§ Problem requirements: Examine the entries and show every line in which the word "simp" is found.

§ Information:

lemma no_cuts_after_two_deletions:
  assumes z: "z1 \<in> V" "z2 \<in> V" "z1 \<noteq> z2"
    and ab: "a \<in> V - {z1, z2}" "b \<in> V - {z1, z2}" "a \<noteq> b"
    and cut: "directed_cut E (V - {z1, z2, a}) S T"
    and cut': "directed_cut E (V - {z1, z2, b}) S' T'"
  shows False
proof -
  have "{z1, z2, a} \<subseteq> V" "card {z1, z2, a} = 3" "{z1, z2, b} \<subseteq> V" "card {z1, z2, b} = 3"
    using z ab by auto
  note cut_a = this(1,2) cut and cut_b = this(3,4) cut'
  note A = directed_cutD[OF cut] and B = directed_cutD[OF cut']
  have "card T = card T'"
  proof -
    obtain y y' where y: "y \<in> T" "y' \<in> T'" using A(4) B(4) by blast
    then have "y \<in> V" "y' \<in> V" using A(1) B(1) by blast+
    then have "card T' + 2 \<le> indeg E y" "card T + 2 \<le> indeg E y'"
      using degrees_ge_cut_sides(1)[OF cut_b] degrees_ge_cut_sides(1)[OF cut_a] by blast+
    with cut_degrees(2)[OF cut_a y(1)] cut_degrees(2)[OF cut_b y(2)] show ?thesis
      by linarith
  qed
  moreover have "card S = card S'"
    using calculation card_cut[OF cut_a] card_cut[OF cut_b] by simp
  have "v \<notin> S \<inter> T'" for v
  proof
    assume "v \<in> S \<inter> T'"
    then have "v \<in> S" "v \<in> T'" "v \<in> V" using A(1) by auto
    then show False
      using deg_sum[of v] cut_degrees(1)[OF cut_a] cut_degrees(2)[OF cut_b]
        card_cut[OF cut_a] \<open>card T = card T'\<close> by fastforce
  qed
  moreover have "v \<notin> T \<inter> S'" for v
  proof
    assume "v \<in> T \<inter> S'"
    then have "v \<in> T" "v \<in> S'" "v \<in> V" using A(1) by auto
    then show False
      using deg_sum[of v] cut_degrees(2)[OF cut_a] cut_degrees(1)[OF cut_b]
        card_cut[OF cut_a] \<open>card S = card S'\<close> by fastforce
  qed
  ultimately have disjoint: "S \<inter> T' = {}" "T \<inter> S' = {}" by blast+
  have "b \<in> S \<union> T" using ab A(1) by blast
  then show False
  proof
    assume "b \<in> S"
    then have "T \<subseteq> T'" using A(1,2) B(1) disjoint(2) by blast
    then have "T = T'"
      using \<open>card T = card T'\<close> finite_cut(2)[OF cut_b] by (simp add: card_subset_eq)
    moreover obtain y where "y \<in> T" using A(4) by blast
    moreover have "a \<in> S'" using ab A(1) B(1) calculation by blast
    moreover have "(a, y) \<in> E"
      using cut_nbrs_saturated(2)[OF cut_a \<open>y \<in> T\<close>] unfolding in_nbrs_def by blast
    ultimately show False using B(5) by blast
  next
    assume "b \<in> T"
    then have "S \<subseteq> S'" using A(1,2) B(1) disjoint(1) by blast
    then have "S = S'"
      using \<open>card S = card S'\<close> finite_cut(1)[OF cut_b] by (simp add: card_subset_eq)
    moreover obtain x where "x \<in> S" using A(3) by blast
    moreover have "a \<in> T'" using ab A(1) B(1) calculation by blast
    moreover have "(x, a) \<in> E"
      using cut_nbrs_saturated(1)[OF cut_a \<open>x \<in> S\<close>] unfolding out_nbrs_def by blast
    ultimately show False using B(5) by blast
  qed
qed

§ Finished task:
    using calculation card_cut[OF cut_a] card_cut[OF cut_b] by simp
      using \<open>card T = card T'\<close> finite_cut(2)[OF cut_b] by (simp add: card_subset_eq)
      using \<open>card S = card S'\<close> finite_cut(1)[OF cut_b] by (simp add: card_subset_eq)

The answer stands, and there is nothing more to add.